In a programming language like C or C++, it is possible to either allocate a new
object (in C it would be a struct) on the heap or to create it on the
stack, in memory allocated to an automatic variable.
In Java, all automatic variables contain either primitive values such
as int and float, or pointers, called references in Java.
The result is that any objects that, in C++, would be stored on the
stack in the memory for an automatic local variable, must instead be
stored in the heap.
This unnecessarily contributes to the workload of the garbage
collector.
Our hypothesis is that a compiler can identify a significant number of object allocation operations that can be changed from heap allocation to stack allocation. To test this hypothesis, we instrumented a Java virtual machine to detect, at runtime, objects that could have been allocated on the stack instead of on the heap. Using our most conservative analysis, we believe a compiler can move, on the order of 10% of the collectible objects from the heap to a stack. If we make the non-conservative assumption that native methods do not create any permanent references to objects passed in as parameters, then the percentage jumps as high as 56% in one case.
In order to test our hypothesis, we instrumented a Java virtual machine to include reference counting. We weren't using the reference counting for the primary garbage collection, which was not modified. We need reference counting because we need to know the earliest point at which an object becomes collectible. We then check to see if the stack frame for the method that created the object is still on the stack. If the frame is still on the stack then the object could have been allocated on the stack instead of the heap and trivially reclaimed when the frame is popped from the stack. We call such an object a stackable object.
A compile time algorithm must make a decision for all objects created by a particular statement. It is possible that only some objects created from a particular statement might be stackable. We therefore are interested in allocation statements that create only stackable objects. We call such an allocation statement a stackable allocation.
The number we are most interested in is the percentage of collectible objects that were created by a stackable allocation. These are the percentages mentioned in the introduction, which range from 0% to 56% for the tests we have run. Our tests include a simple computer game with a graphical user interface, a bulletin board server, a client for the bulletin board that uses a graphical user interface, and the Java compiler from JavaSoft compiling a ten class program (the game we tested).

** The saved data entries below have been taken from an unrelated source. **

lemma right_orbit_subset_if_same_orbit:
  assumes "u \<in> U" "u' \<in> U" "orbit G (iso_act u p) = orbit G (iso_act u' p)"
  shows "right_orbit u' (set_stabilizer U (orbit G p)) H
           \<subseteq> right_orbit u (set_stabilizer U (orbit G p)) H"
proof -
  define w where "w = iso_mult (iso_inv u) u'"
  have u': "u' = iso_mult u w"
    unfolding w_def by (simp add: iso_mult_inv_cancel_left invertible_U assms(1))
  have "iso_act u (iso_act w p) = iso_act u' p" using u' by (simp add: iso_act_mult)
  also have "\<dots> \<in> orbit G (iso_act u p)" using self_in_orbit[OF one_G] assms(3) by simp
  also have "\<dots> = iso_act u ` orbit G p" using image_orbit[OF assms(1)] by simp
  finally have "iso_act u (iso_act w p) \<in> iso_act u ` orbit G p" .
  hence "iso_act w p \<in> orbit G p"
    using inj_iso_act[OF invertible_U[OF assms(1)]] by (simp add: inj_image_mem_iff)
  hence "w \<in> set_stabilizer U (orbit G p)"
    using assms by (simp add: in_set_stabilizer_orbit_iff w_def inv_U mult_U)
  thus ?thesis using right_orbit_mult_subset u' by simp
qed

lemma bij_betw_right_orbits_orbits:
  assumes U_transitive: "\<forall>x y. \<exists>u\<in>U. iso_act u x = y"
  shows "bij_betw (\<lambda>Orb. Psi U (stabilizer U p) p ` Orb)
           {right_orbit u (set_stabilizer U (orbit G p)) (stabilizer U p) | u. u \<in> U}
           {orbit G x | x. True}"
proof -
  let ?ro = "\<lambda>u. right_orbit u (set_stabilizer U (orbit G p)) (stabilizer U p)"
  note Psi_image = Psi_image_right_orbit[OF U_transitive]
  have "inj_on (\<lambda>Orb. Psi U (stabilizer U p) p ` Orb) {?ro u | u. u \<in> U}"
  proof (rule inj_onI, clarify)
    fix u u' assume "u \<in> U" "u' \<in> U"
      and "Psi U (stabilizer U p) p ` ?ro u = Psi U (stabilizer U p) p ` ?ro u'"
    hence "orbit G (iso_act u p) = orbit G (iso_act u' p)" by (simp add: Psi_image)
    thus "?ro u = ?ro u'"
      using \<open>u \<in> U\<close> \<open>u' \<in> U\<close>
      by (intro subset_antisym right_orbit_subset_if_same_orbit) simp_all
  qed
  moreover have "(\<lambda>Orb. Psi U (stabilizer U p) p ` Orb) ` {?ro u | u. u \<in> U}
      = {orbit G x | x. True}"
  proof -
    have "(\<lambda>Orb. Psi U (stabilizer U p) p ` Orb) ` {?ro u | u. u \<in> U}
        = (\<lambda>u. orbit G (iso_act u p)) ` U"
      unfolding Setcompr_eq_image image_image by (intro image_cong) (simp_all add: Psi_image)
    also have "\<dots> = orbit G ` (\<lambda>u. iso_act u p) ` U" by (simp add: image_image)
    also have "(\<lambda>u. iso_act u p) ` U = UNIV"
    proof (rule sym, rule UNIV_eq_I)
      fix x
      obtain u where "u \<in> U" "iso_act u p = x" using U_transitive by blast
      thus "x \<in> (\<lambda>u. iso_act u p) ` U" by blast
    qed
    finally show ?thesis by auto
  qed
  ultimately show ?thesis unfolding bij_betw_def ..
qed

end

theorem lemma6p7:
  fixes Q :: "real^'n^'n" and G L U :: "'n::finite aff set" and p :: "real^'n"
  assumes "transpose Q = Q" and "invertible Q"
    and "is_subgroup Q G" and "zariski_closed G"
    and "L = centralizer Q G"
    and "\<forall>x y. \<exists>l\<in>L. iso_act l x = y"
    and "unipotent_radical Q L U"
    and "\<forall>x y. \<exists>u\<in>U. iso_act u x = y"
  shows "(\<forall>u\<in>U. Psi U (stabilizer U p) p `
              (right_orbit u (set_stabilizer U (orbit G p)) (stabilizer U p))
            = orbit G (iso_act u p))
       \<and> bij_betw (\<lambda>Orb. Psi U (stabilizer U p) p ` Orb)
           {right_orbit u (set_stabilizer U (orbit G p)) (stabilizer U p) | u. u \<in> U}
           {orbit G x | x. True}"
proof -
  have "is_subgroup Q U" "U \<subseteq> centralizer Q G"
    using assms(5,7) by (auto simp: unipotent_radical_def conn_normal_unip_subgroup_def is_normal_in_def)
  then interpret centralizing_subgroup Q G U
    using assms(2,3) by unfold_locales
  show ?thesis
    using Psi_image_right_orbit[OF assms(8)] bij_betw_right_orbits_orbits[OF assms(8)] by blast
qed
definition mat_block :: "nat \<Rightarrow> nat \<Rightarrow> ('a::field mat \<Rightarrow> 'a mat) \<Rightarrow> nat \<Rightarrow> nat \<Rightarrow> 'a mat" where
  "mat_block n q \<L> i j = mat n q (\<lambda>(a,c). matricization n q \<L> $$ (i*n + a, j*q + c))"

definition blocks :: "nat \<Rightarrow> nat \<Rightarrow> ('a::field mat \<Rightarrow> 'a mat) \<Rightarrow> 'a mat set" where
  "blocks n q \<L> = {mat_block n q \<L> i j | i j. i < n \<and> j < q}"

text \<open>Choi matrix [L(E_ij)]_{i,j<q}, of size qn x qn (block (i,j) is n x n).\<close>
definition choi :: "nat \<Rightarrow> nat \<Rightarrow> ('a::field mat \<Rightarrow> 'a mat) \<Rightarrow> 'a mat" where
  "choi n q \<L> = mat (q*n) (q*n)
     (\<lambda>(r,s). \<L> (std_mat q (r div n) (s div n)) $$ (r mod n, s mod n))"

definition mspan :: "nat \<Rightarrow> nat \<Rightarrow> 'a::field mat set \<Rightarrow> 'a mat set" where
  "mspan nr nc S = LinearCombinations.module.span class_ring (module_mat TYPE('a) nr nc) S"

definition hill_rep :: "nat \<Rightarrow> nat \<Rightarrow> ('a::conjugatable_field mat \<Rightarrow> 'a mat)
    \<Rightarrow> nat \<Rightarrow> (nat \<Rightarrow> 'a mat) \<Rightarrow> 'a mat \<Rightarrow> bool" where
  "hill_rep n q \<L> m A H \<longleftrightarrow>
     (\<forall>k < m. A k \<in> carrier_mat n q) \<and> H \<in> carrier_mat m m \<and>
     (\<forall>V \<in> carrier_mat q q. \<L> V = mat n n (\<lambda>(a,b).
        \<Sum>k<m. \<Sum>l<m. H $$ (k,l) * (A l * V * mat_adjoint (A k)) $$ (a,b)))"

definition minimal_hill_rep :: "nat \<Rightarrow> nat \<Rightarrow> ('a::conjugatable_field mat \<Rightarrow> 'a mat)
    \<Rightarrow> nat \<Rightarrow> (nat \<Rightarrow> 'a mat) \<Rightarrow> 'a mat \<Rightarrow> bool" where
  "minimal_hill_rep n q \<L> m A H \<longleftrightarrow> hill_rep n q \<L> m A H \<and>
     (\<forall>m' A' H'. hill_rep n q \<L> m' A' H' \<longrightarrow> m \<le> m')"

text \<open>Admissible data for the construction: L_1..L_m (n x q) spanning span{L_ij},
  alpha^{ij}_k (written alpha i j k) with L_ij = sum_k alpha^{ij}_k L_k, and
  beta^k_{ij} (written beta k i j) with L_k = sum_{i,j} beta^k_{ij} L_ij.\<close>
definition constr_data :: "nat \<Rightarrow> nat \<Rightarrow> ('a::field mat \<Rightarrow> 'a mat) \<Rightarrow> nat
    \<Rightarrow> (nat \<Rightarrow> 'a mat) \<Rightarrow> (nat \<Rightarrow> nat \<Rightarrow> nat \<Rightarrow> 'a) \<Rightarrow> (nat \<Rightarrow> nat \<Rightarrow> nat \<Rightarrow> 'a) \<Rightarrow> bool" where
  "constr_data n q \<L> m Lf \<alpha> \<beta> \<longleftrightarrow>
     (\<forall>k < m. Lf k \<in> carrier_mat n q) \<and>
     mspan n q (Lf ` {..<m}) = mspan n q (blocks n q \<L>) \<and>
     (\<forall>i < n. \<forall>j < q. \<forall>a < n. \<forall>b < q.
        mat_block n q \<L> i j $$ (a,b) = (\<Sum>k<m. \<alpha> i j k * Lf k $$ (a,b))) \<and>
     (\<forall>k < m. \<forall>a < n. \<forall>b < q.
        Lf k $$ (a,b) = (\<Sum>i<n. \<Sum>j<q. \<beta> k i j * mat_block n q \<L> i j $$ (a,b)))"
(* Let $R$ be an involutive $K$-algebra and $t$ a canonical, $K$-linear, $R$-valued trace on $L_K(E)$. (1) Let $p,q$ be paths with $\mathbf{r}(p)=\mathbf{r}(q)$, let $r_1,\dots,r_m$ be paths with $\mathbf{s}(r_i)=\mathbf{r}(p)$, and let $a_1,\dots,a_m\in K$. Put $x=\sum_{i=1}^m a_i\,pr_ir_i^*q^*$ and $y=\sum_{i=1}^m a_i\,r_ir_i^*$. Then $t(xx^* )=t(yy^* )$. (2) Suppose further that $t$ satisfies condition (P). Let $v$ be a vertex, let $e_1,\dots,e_m$ be distinct edges in $\mathbf{s}^{-1}(v)$, for each $i$ let $r_{i1},\dots,r_{im_i}$ be paths with $\mathbf{s}(r_{ij})=\mathbf{r}(e_i)$, and let $a,a_{ij}\in K$. Put $x=\sum_{i=1}^m\sum_{j=1}^{m_i}a_{ij}\,e_ir_{ij}r_{ij}^*e_i^*+av$ and $y=\sum_{i=1}^m\sum_{j=1}^{m_i}a_{ij}\,e_ir_{ij}r_{ij}^*e_i^*+a\sum_{i=1}^me_ie_i^*$. Then $t(xx^* )\ge t(yy^* )$ in $R$.
   Context: A (directed) graph $E=(E^0,E^1,\mathbf{s},\mathbf{r})$ has vertex set $E^0$, edge set $E^1$, source and range maps; no finiteness or countability is assumed. A path is a vertex $v$ (length $0$) or a sequence $p=e_1\cdots e_n$ of edges with $\mathbf{r}(e_i)=\mathbf{s}(e_{i+1})$, $\mathbf{s}(p)=\mathbf{s}(e_1)$, $\mathbf{r}(p)=\mathbf{r}(e_n)$. A vertex $v$ is regular if $\mathbf{s}^{-1}(v)$ is nonempty and finite. $K$ is a field with an arbitrary involution $a\mapsto a^*$. $L_K(E)$ is the free $K$-algebra generated by $E^0\cup E^1\cup\{e^*:e\in E^1\}$ subject to (V) $vw=\delta_{v,w}v$; (E1) $\mathbf{s}(e)e=e\mathbf{r}(e)=e$; (E2) $\mathbf{r}(e)e^*=e^*\mathbf{s}(e)=e^*$; (CK1) $e^*f=\delta_{e,f}\mathbf{r}(e)$; (CK2) $v=\sum_{e\in\mathbf{s}^{-1}(v)}ee^*$ for regular $v$; $p^*=e_n^*\cdots e_1^*$, $v^*=v$, and $L_K(E)$ is involutive via $(\sum a_ip_iq_i^* )^*=\sum a_i^*q_ip_i^*$. An involutive $K$-algebra is a $K$-algebra with an involution ($(xy)^*=y^*x^*$, $x^{**}=x$, additive) satisfying $(ax)^*=a^*x^*$; in it $x\ge0$ means $x$ is a finite sum of elements $zz^*$, and $x\ge y$ means $x-y\ge0$. A trace is an additive map with $t(xy)=t(yx)$; $K$-linear means $t(ax)=at(x)$. A trace on $L_K(E)$ is canonical if $t(pq^* )=\delta_{p,q}t(\mathbf{r}(p))$ for all paths $p,q$ with $\mathbf{r}(p)=\mathbf{r}(q)$. Condition (P): $t\big(v-\sum_{e\in I}\mathbf{r}(e)\big)\ge0$ for every vertex $v$ and every finite subset $I\subseteq\mathbf{s}^{-1}(v)$ (for $I=\emptyset$ this reads $t(v)\ge0$). *)

theory Defs
  imports Main
begin

text \<open>A graph E is given by types 'v (vertices, E^0 = UNIV) and 'e (edges, E^1 = UNIV)
  together with source and range maps src, rng :: 'e => 'v. No finiteness is assumed.\<close>

text \<open>Generators of the free algebra: vertices, real edges e, and ghost edges e^*.\<close>
datatype ('v, 'e) gen = V 'v | Ed 'e | Gh 'e
(* If $\gamma<1$, then for all $k\ge0$, $$\|\mathbf H^{k+1}-\mathbf W^\infty\mathbf H^{k+1}\|_F\le(1-\gamma(1-\sigma))\|\mathbf H^k-\mathbf W^\infty\mathbf H^k\|_F+4\gamma\|\mathbf E^k\|_F+2\gamma(1-\delta)\|\mathbf H^k-\tilde{\mathbf H}^k\|_F+L_2\|\mathbf x^{k+1}-\mathbf x^k\|.$$
   Context: $W\in\mathbb{R}^{n\times n}$ is entrywise nonnegative, symmetric, $W1_n=1_n$, with $w_{ij}=0$ iff $j$ is neither $i$ nor a neighbor of $i$ in an undirected connected graph; $\sigma=\|W-\frac1n1_n1_n^T\|$. Each $f_i:\mathbb{R}^d\to\mathbb{R}$ is $C^2$ with $L_1$-Lipschitz gradient and $L_2$-Lipschitz Hessian. $\mathcal Q:\mathbb{R}^{d\times d}\to\mathbb{R}^{d\times d}$ is deterministic with $\|\mathcal Q(A)-A\|_F\le(1-\delta)\|A\|_F$, $\delta\in(0,1]$, applied blockwise to $nd\times d$ matrices. Notation: $\mathbf x=[x_1;\dots;x_n]\in\mathbb{R}^{nd}$; $\mathbf W=W\otimes I_d$, $\mathbf W^\infty=\frac1n1_n1_n^T\otimes I_d$; $\nabla^2f(\mathbf x)=[\nabla^2f_1(x_1);\dots;\nabla^2f_n(x_n)]\in\mathbb{R}^{nd\times d}$. With $\gamma>0$, arbitrary points $\mathbf x^k\in\mathbb{R}^{nd}$, and arbitrary $\mathbf E^0,\tilde{\mathbf H}^0$, $H_i^0=\nabla^2f_i(x_i^0)$, the sequences satisfy for $k\ge0$: $\mathbf E^{k+1}=\mathbf E^k+\mathbf H^k-\tilde{\mathbf H}^k-\mathcal Q(\mathbf E^k+\mathbf H^k-\tilde{\mathbf H}^k)$; $\tilde{\mathbf H}^{k+1}=\tilde{\mathbf H}^k+\mathcal Q(\mathbf H^k-\tilde{\mathbf H}^k)$; $\hat{\mathbf H}^k=\tilde{\mathbf H}^k+\mathcal Q(\mathbf E^k+\mathbf H^k-\tilde{\mathbf H}^k)$; $\mathbf H^{k+1}=\mathbf H^k-\gamma(I_{nd}-\mathbf W)\hat{\mathbf H}^k+\nabla^2f(\mathbf x^{k+1})-\nabla^2f(\mathbf x^k)$. *)

theory Defs
  imports "HOL-Analysis.Analysis"
begin

text \<open>Stacked objects: an element of real^'d^'d^'n is an nd x d matrix made of n blocks
  of size d x d (block i is X $ i).  The norm on real^'d^'d^'n is the Frobenius norm,
  the norm on real^'d^'n is the Euclidean norm of the stacked vector.\<close>

definition blk_mult :: "real^'n^'n \<Rightarrow> real^'d^'d^'n \<Rightarrow> real^'d^'d^'n" where
  "blk_mult W X = (\<chi> i. \<Sum>j\<in>UNIV. (W $ i $ j) *\<^sub>R (X $ j))"
  \<comment> \<open>(W \<otimes> I_d) X\<close>

definition avg_mat :: "real^'n^'n" where
  "avg_mat = (\<chi> i j. 1 / real CARD('n))"

definition blk_map :: "(real^'d^'d \<Rightarrow> real^'d^'d) \<Rightarrow> real^'d^'d^'n \<Rightarrow> real^'d^'d^'n" where
  "blk_map Q X = (\<chi> i. Q (X $ i))"

end

theory Submission
  imports Defs
begin

(* Since W is doubly stochastic, W^inf absorbs W from both sides, so the consensus error
   P X = X - W^inf X of the step H' = H - gamma (I - W) Hhat + D, with R = Hhat - H, splits as
     P H' = (1 - gamma) P H + gamma (W - W^inf) P H - gamma (I - W) R + P D.
   On vectors W - W^inf has norm sigma, W is nonexpansive (Jensen on each row) and so is the
   orthogonal projection I - W^inf; these bounds lift to nd x d stacks column by column.
   Finally R = E + (Q Y - Y) with Y = E + H - Htilde, which gives
   ||R|| <= 2 ||E|| + (1 - delta) ||H - Htilde||, and ||D|| <= L2 ||x' - x|| blockwise. *)

lemma norm_vec_power2: "(norm v)\<^sup>2 = (\<Sum>i\<in>UNIV. (norm (v$i))\<^sup>2)"
  by (simp add: norm_vec_def L2_set_def sum_nonneg)

lemma norm_vec_le_scaled:
  fixes F :: "('a::real_normed_vector)^'n" and G :: "('b::real_normed_vector)^'n"
  assumes "\<And>i. norm (F$i) \<le> c * norm (G$i)" "0 \<le> c"
  shows "norm F \<le> c * norm G"
proof -
  have "norm F = L2_set (\<lambda>i. norm (F$i)) UNIV" by (simp add: norm_vec_def)
  also have "\<dots> \<le> L2_set (\<lambda>i. c * norm (G$i)) UNIV"
    by (rule L2_set_mono) (use assms in auto)
  also have "\<dots> = c * norm G" by (simp add: norm_vec_def L2_set_right_distrib assms)
  finally show ?thesis .
qed

lemma norm_stacked_diff_le:
  fixes g :: "'n::finite \<Rightarrow> real^'d \<Rightarrow> 'a::real_normed_vector" and y z :: "real^'d^'n"
  assumes lip: "\<And>i a b. norm (g i a - g i b) \<le> L * norm (a - b)"
  shows "norm ((\<chi> i. g i (y$i)) - (\<chi> i. g i (z$i))) \<le> L * norm (y - z)"
proof (rule norm_vec_le_scaled)
  have "norm (g undefined 1 - g undefined 0) \<le> L * norm (1 :: real^'d)"
    using lip[of undefined 1 0] by simp
  then have "0 \<le> L * norm (1 :: real^'d)"
    by (rule order_trans[OF norm_ge_zero])
  then show "0 \<le> L"
    by (simp add: zero_le_mult_iff)
qed (simp add: lip)

lemma norm_power2_as_column_sum:
  fixes Z :: "real^'c^'b^'a"
  shows "(norm Z)\<^sup>2 = (\<Sum>b\<in>UNIV. \<Sum>c\<in>UNIV. (norm (\<chi> a. Z$a$b$c))\<^sup>2)"
proof -
  have "(norm Z)\<^sup>2 = (\<Sum>a\<in>UNIV. \<Sum>b\<in>UNIV. \<Sum>c\<in>UNIV. (Z$a$b$c)\<^sup>2)"
    by (simp add: norm_vec_power2)
  also have "\<dots> = (\<Sum>b\<in>UNIV. \<Sum>c\<in>UNIV. \<Sum>a\<in>UNIV. (Z$a$b$c)\<^sup>2)"
    by (subst sum.swap) (rule sum.cong[OF refl], rule sum.swap)
  finally show ?thesis
    by (simp add: norm_vec_power2)
qed

lemma blk_mult_column: "(\<chi> j. blk_mult M Z $ j $ a $ b) = M *v (\<chi> j. Z $ j $ a $ b)"
  by (simp add: vec_eq_iff blk_mult_def matrix_vector_mult_def)

lemma norm_blk_mult_le:
  fixes M :: "real^'n^'n" and Z :: "real^'d^'d^'n"
  assumes bound: "\<And>v. norm (M *v v) \<le> c * norm v" and "0 \<le> c"
  shows "norm (blk_mult M Z) \<le> c * norm Z"
proof (rule power2_le_imp_le)
  have "(norm (blk_mult M Z))\<^sup>2 = (\<Sum>a\<in>UNIV. \<Sum>b\<in>UNIV. (norm (M *v (\<chi> j. Z$j$a$b)))\<^sup>2)"
    by (simp add: norm_power2_as_column_sum blk_mult_column)
  also have "\<dots> \<le> (\<Sum>a\<in>UNIV. \<Sum>b\<in>UNIV. (c * norm (\<chi> j. Z$j$a$b))\<^sup>2)"
    by (intro sum_mono power_mono bound) simp
  also have "\<dots> = (c * norm Z)\<^sup>2"
    by (simp add: norm_power2_as_column_sum power_mult_distrib sum_distrib_left)
  finally show "(norm (blk_mult M Z))\<^sup>2 \<le> (c * norm Z)\<^sup>2" .
qed (use assms in simp)

lemma blk_mult_add: "blk_mult M (X + Y) = blk_mult M X + blk_mult M Y"
  by (simp add: blk_mult_def vec_eq_iff scaleR_add_right sum.distrib)

lemma blk_mult_diff: "blk_mult M (X - Y) = blk_mult M X - blk_mult M Y"
  by (simp add: blk_mult_def vec_eq_iff scaleR_diff_right sum_subtractf)

lemma blk_mult_scaleR: "blk_mult M (c *\<^sub>R X) = c *\<^sub>R blk_mult M X"
  by (simp add: blk_mult_def vec_eq_iff scaleR_sum_right ac_simps)

lemma blk_mult_diff_left: "blk_mult (A - B) X = blk_mult A X - blk_mult B X"
  by (simp add: blk_mult_def vec_eq_iff scaleR_diff_left sum_subtractf)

The Java virtual machine that we instrumented is the one in JDK1.0.2 from JavaSoft. This was done prior to the introduction of the Java Native Interface (JNI) specification. JNI requires native methods to register any permanent references to objects that are passed in as parameters. A native method is a method (function) written in some language other than Java that is callable from Java. Providing a means for a garbage collector to accurately track all references to objects is necessary for some garbage collection algorithms. Similarly, our analysis of stackable versus non-stackable objects requires us to accurately track all references. Without JNI, we could not accurately track references that were passed in to native methods. To address this problem, we computed two sets of numbers. One set assumes that native methods do not make permanent copies of references and thus do not impact the stackability of an object. The other set assumes that any object passed to a native method is not stackable. Reality obviously lies somewhere in between.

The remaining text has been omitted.